Average Number of Non-Zero Elements in Vectorized Tweets: 16.66164280331575
Percentage of columns containing 0: 0.9967952216189044


As we can see above the average tweet contains ~16 non-zero columns. 

## Modeling

In [90]:
# import necessary libraries
from sklearn.metrics import accuracy_score
from sklearn.ensemble import RandomForestClassifier
from sklearn.naive_bayes import MultinomialNB

In [93]:
# instantiate initial models
nb_classifier = MultinomialNB()
rf_classifier = RandomForestClassifier(n_estimators=100)

In [95]:
# fit naive bayes model
nb_classifier.fit(tf_idf_data_train, train_target)
nb_train_preds = nb_classifier.predict(tf_idf_data_train)
nb_test_preds = nb_classifier.predict(tf_idf_data_test)

In [96]:
# fit random forest classifier
rf_classifier.fit(tf_idf_data_train, train_target)
rf_train_preds = rf_classifier.predict(tf_idf_data_train)
rf_test_preds = rf_classifier.predict(tf_idf_data_test)

In [99]:
# print results
nb_train_score = accuracy_score(train_target, nb_train_preds)
nb_test_score = accuracy_score(test_target, nb_test_preds)
rf_train_score = accuracy_score(train_target, rf_train_preds)
rf_test_score = accuracy_score(test_target, rf_test_preds)

In [100]:
print("Multinomial Naive Bayes")
print("Training Accuracy: {:.4} \t\t Testing Accuracy: {:.4}".format(nb_train_score, nb_test_score))
print("")
print('-'*70)
print("")
print('Random Forest')
print("Training Accuracy: {:.4} \t\t Testing Accuracy: {:.4}".format(rf_train_score, rf_test_score))

Multinomial Naive Bayes
Training Accuracy: 0.8497 		 Testing Accuracy: 0.8418

----------------------------------------------------------------------

Random Forest
Training Accuracy: 1.0 		 Testing Accuracy: 0.8655


In [101]:
# think about further lemmatizing, n-grams, etc.

## 3. Data Preparation

## 4. Modeling
This is a classification task, aimed at classifying tweets based on their sentiment.  As a result, we will iterate through a number of potential models / hyperparameters to arrive at the optimal model for our task.

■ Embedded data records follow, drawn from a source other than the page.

section \<open>The transduction\<close>

text \<open>The colours \<open>col 0\<close> and \<open>col 1\<close> carry the parity colouring, \<open>col (i + 2)\<close> marks the
  selected representatives of type \<open>type_code i\<close>, and \<open>cp i\<close> names the \<open>i\<close>-th copy.\<close>
locale tree_transduction =
  fixes \<Sigma> :: "symbol set" and syms :: "symbol list" and col :: "nat \<Rightarrow> string" and cp :: "nat \<Rightarrow> string"
  assumes syms: "set syms = \<Sigma>" "distinct syms"
    and ancestor_fresh: "ancestor \<notin> \<Sigma>"
    and col_inj: "inj_on col {..<5}" and cp_inj: "inj_on cp {..<3}"
    and col_fresh: "\<And>j. j < 5 \<Longrightarrow> RelSym (col j) 1 \<notin> \<Sigma>"
    and cp_fresh: "\<And>i. i < 3 \<Longrightarrow> RelSym (cp i) 2 \<notin> \<Sigma>"
begin

definition RepOf :: "nat \<Rightarrow> nat \<Rightarrow> nat \<Rightarrow> form" where
  "RepOf i y X = Conj (Coloured (col (i + 2)) y) (TypeRep (col 0) (col 1) (type_code i) y X)"

definition FilterF :: form where
  "FilterF = Conj
     (AllSO 2 (Impl (Conj (InSET 2) (ExFO 2 (Conj (Mem 2 2) (HasOther 2 2))))
                    (Disjs 3 (\<lambda>i. ExFO 2 (RepOf i 2 2)))))
     (Conjs 3 (\<lambda>i. AllSO 2 (AllFO 2 (AllFO 3
        (Impl (Conj (RepOf i 2 2) (RepOf i 3 2)) (Eq 2 3))))))"

definition CopyNode :: "nat \<Rightarrow> nat \<Rightarrow> nat \<Rightarrow> form" where
  "CopyNode i x X = ExFO 2 (Conj (Linked (cp i) 2 x) (RepOf i 2 X))"

text \<open>The originals are exactly the elements that have a \<open>0\<close>-th copy.\<close>
definition KeepF :: form where
  "KeepF = Disj (ExFO 2 (Linked (cp 0) 0 2)) (Disjs 3 (\<lambda>i. ExSO 2 (CopyNode i 0 2)))"

definition NodeF :: "nat \<Rightarrow> nat \<Rightarrow> form" where
  "NodeF x X = Disj (Conj (InSET X) (IsSingleton x X)) (Disjs 3 (\<lambda>i. CopyNode i x X))"

definition AncF :: form where
  "AncF = ExSO 0 (ExSO 1 (Conj (NodeF 0 0) (Conj (NodeF 1 1) (SubsetF 1 0))))"

definition out_formulas :: "(symbol \<times> form) list" where
  "out_formulas = map (\<lambda>Q. (Q, atom_form Q)) syms @ [(ancestor, AncF)]"

definition colours :: "string list" where "colours = map col [0..<5]"
definition copies :: "string list" where "copies = map cp [0..<3]"

definition tau :: "atomic list" where
  "tau = map Colour colours @ [Filter FilterF, Copy copies, Restrict KeepF, Interp out_formulas]"

lemma free_RepOf: "y \<noteq> 9 \<Longrightarrow> X \<noteq> 7 \<Longrightarrow> X \<noteq> 8 \<Longrightarrow> fo_free (RepOf i y X) = {y} \<and> so_free (RepOf i y X) = {X}"
  by (auto simp: RepOf_def free_TypeRep Coloured_def)

lemma free_CopyNode: "x \<noteq> 2 \<Longrightarrow> X \<noteq> 7 \<Longrightarrow> X \<noteq> 8 \<Longrightarrow> fo_free (CopyNode i x X) = {x} \<and> so_free (CopyNode i x X) = {X}"
  by (auto simp: CopyNode_def free_RepOf)

lemma wf_tau: "wf_transduction tau"
proof -
  have "fo_free FilterF = {} \<and> so_free FilterF = {}"
    by (auto simp: FilterF_def free_RepOf)
  moreover have "fo_free KeepF \<subseteq> {0} \<and> so_free KeepF = {}"
    by (auto simp: KeepF_def free_CopyNode)
  moreover have "fo_free AncF \<subseteq> {..<2} \<and> so_free AncF = {}"
    by (auto simp: AncF_def NodeF_def free_CopyNode)
  moreover have "distinct (map fst out_formulas)"
    using syms ancestor_fresh by (auto simp: out_formulas_def comp_def)
  moreover have "distinct copies"
    using cp_inj by (simp add: copies_def distinct_map atLeast0LessThan)
  ultimately show ?thesis
    by (auto simp: wf_transduction_def tau_def out_formulas_def atom_form_def)
qed

definition coloured_by :: "'e struct \<Rightarrow> (nat \<Rightarrow> 'e set) \<Rightarrow> bool" where
  "coloured_by E M \<longleftrightarrow> (\<forall>j<5. interprets_colour E (col j) (M j))"

definition links_copies :: "'e struct \<Rightarrow> 'e set \<Rightarrow> ('e \<times> nat \<Rightarrow> 'e) \<Rightarrow> bool" where
  "links_copies E orig f \<longleftrightarrow>
     (\<forall>i<3. \<forall>a b. [a, b] \<in> rels E (RelSym (cp i) 2) \<longleftrightarrow> a \<in> orig \<and> b = f (a, i) \<and> b \<in> univ E)"

lemma sat_RepOf:
  assumes "interprets_SET E S" "coloured_by E M" "i < 3" "y \<noteq> 9" "X \<noteq> 7" "X \<noteq> 8"
  shows "sat E v V (RepOf i y X) \<longleftrightarrow>
    v y \<in> M (i + 2) \<and> type_rep S (parity_type (M 0) (M 1)) (type_code i) (v y) (V X)"
proof -
  have "interprets_colour E (col j) (M j)" if "j < 5" for j
    using assms(2) that unfolding coloured_by_def by blast
  from this[of 0] this[of 1] this[of "i + 2"] assms(3) show ?thesis
    using sat_TypeRep[OF assms(4-6,1) _ _ type_code_bits] sat_Coloured[of E "col (i + 2)" "M (i + 2)"]
    unfolding RepOf_def by simp
qed

lemma sat_FilterF:
  assumes S: "interprets_SET E S" "{} \<notin> S" and M: "coloured_by E M"
  shows "sat E v V FilterF \<longleftrightarrow> representative_selection S M"
proof -
  let ?rep = "\<lambda>i a Y. type_rep S (parity_type (M 0) (M 1)) (type_code i) a Y"
  have S_univ: "Y \<subseteq> univ E" if "Y \<in> S" for Y using S(1) that unfolding interprets_SET_def by blast
  have rep_univ: "a \<in> univ E" "Y \<subseteq> univ E" if "?rep i a Y" for i a Y
    using that S_univ unfolding type_rep_def by blast+
  have internal: "internal S Y \<longleftrightarrow> Y \<in> S \<and> (\<exists>a\<in>univ E. a \<in> Y \<and> \<not> Y \<subseteq> {a})" if "Y \<subseteq> univ E" for Y
  proof -
    have "Y \<in> S \<Longrightarrow> \<exists>a. a \<in> Y" using S(2) by (metis ex_in_conv)
    then show ?thesis using that unfolding internal_def by (auto simp: subset_singleton_iff)
  qed
  have "sat E v V' (Disjs 3 (\<lambda>i. ExFO 2 (RepOf i 2 2))) \<longleftrightarrow>
      (\<exists>i<3. \<exists>a\<in>univ E. a \<in> M (i + 2) \<and> ?rep i a (V' 2))" for V'
  proof -
    have "sat E (v(2 := a)) V' (RepOf i 2 2) \<longleftrightarrow> a \<in> M (i + 2) \<and> ?rep i a (V' 2)" if "i < 3" for i a
      using sat_RepOf[OF S(1) M that] by simp
    then show ?thesis by auto
  qed
  then have "sat E v V (AllSO 2 (Impl (Conj (InSET 2) (ExFO 2 (Conj (Mem 2 2) (HasOther 2 2))))
                    (Disjs 3 (\<lambda>i. ExFO 2 (RepOf i 2 2))))) \<longleftrightarrow>
      (\<forall>Y. Y \<subseteq> univ E \<longrightarrow> Y \<in> S \<and> (\<exists>a\<in>univ E. a \<in> Y \<and> \<not> Y \<subseteq> {a}) \<longrightarrow>
         (\<exists>i<3. \<exists>a\<in>univ E. a \<in> M (i + 2) \<and> ?rep i a Y))"
    by (simp add: sat_InSET[OF S(1)] sat_HasOther)
  also have "\<dots> \<longleftrightarrow> (\<forall>Y. internal S Y \<longrightarrow> (\<exists>i<3. \<exists>a\<in>M (i + 2). ?rep i a Y))"
    using internal rep_univ S_univ unfolding internal_def by metis
  moreover have "sat E v V (Conjs 3 (\<lambda>i. AllSO 2 (AllFO 2 (AllFO 3
        (Impl (Conj (RepOf i 2 2) (RepOf i 3 2)) (Eq 2 3)))))) \<longleftrightarrow>
      (\<forall>i<3. \<forall>Y. Y \<subseteq> univ E \<longrightarrow> (\<forall>a\<in>univ E. \<forall>b\<in>univ E.
         a \<in> M (i + 2) \<and> ?rep i a Y \<and> b \<in> M (i + 2) \<and> ?rep i b Y \<longrightarrow> a = b))"
    using sat_RepOf[OF S(1) M] by simp
  moreover have "\<dots> \<longleftrightarrow> (\<forall>i<3. \<forall>a\<in>M (i + 2). \<forall>b\<in>M (i + 2). \<forall>Y. ?rep i a Y \<longrightarrow> ?rep i b Y \<longrightarrow> a = b)"
    using rep_univ by metis
  ultimately show ?thesis unfolding FilterF_def representative_selection_def by simp
qed

lemma sat_CopyNode:
  assumes S: "interprets_SET E S" and M: "coloured_by E M" and links: "links_copies E orig f"
    and orig: "orig \<subseteq> univ E" and vars: "i < 3" "x \<noteq> 2" "X \<noteq> 7" "X \<noteq> 8" and x: "v x \<in> univ E"
  shows "sat E v V (CopyNode i x X) \<longleftrightarrow>
    (\<exists>a\<in>orig. v x = f (a, i) \<and> a \<in> M (i + 2) \<and> type_rep S (parity_type (M 0) (M 1)) (type_code i) a (V X))"
  using sat_RepOf[OF S M vars(1) _ vars(3,4)] links vars(1,2) x orig
  unfolding CopyNode_def links_copies_def by auto

definition copied :: "(nat \<Rightarrow> 'e set) \<Rightarrow> ('e \<times> nat \<Rightarrow> 'e) \<Rightarrow> 'e struct \<Rightarrow> 'e struct" where
  "copied M f A = copy_struct copies f (colour_all colours M A)"

definition kept :: "(nat \<Rightarrow> 'e set) \<Rightarrow> ('e \<times> nat \<Rightarrow> 'e) \<Rightarrow> 'e struct \<Rightarrow> 'e set" where
  "kept M f A = {a \<in> univ (copied M f A). sat (copied M f A) (\<lambda>_. a) (\<lambda>_. {}) KeepF}"

definition restricted :: "(nat \<Rightarrow> 'e set) \<Rightarrow> ('e \<times> nat \<Rightarrow> 'e) \<Rightarrow> 'e struct \<Rightarrow> 'e struct" where
  "restricted M f A = restrict_struct (kept M f A) (copied M f A)"

definition result :: "(nat \<Rightarrow> 'e set) \<Rightarrow> ('e \<times> nat \<Rightarrow> 'e) \<Rightarrow> 'e struct \<Rightarrow> 'e struct" where
  "result M f A = interp_struct (restricted M f A) out_formulas"

lemma colours_nth: "j < 5 \<Longrightarrow> colours ! j = col j" "length colours = 5" "distinct colours"
  using col_inj by (auto simp: colours_def distinct_map atLeast0LessThan)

Following metrics will be generated to help evaluate models:
* Accuracy: total number of correct predictions out of total observations
* Recall: number of true positives out of actual total positives.
* Precision: number of true positives out of predicted positives.
* F1 Score: harmonic mean of precision and recall.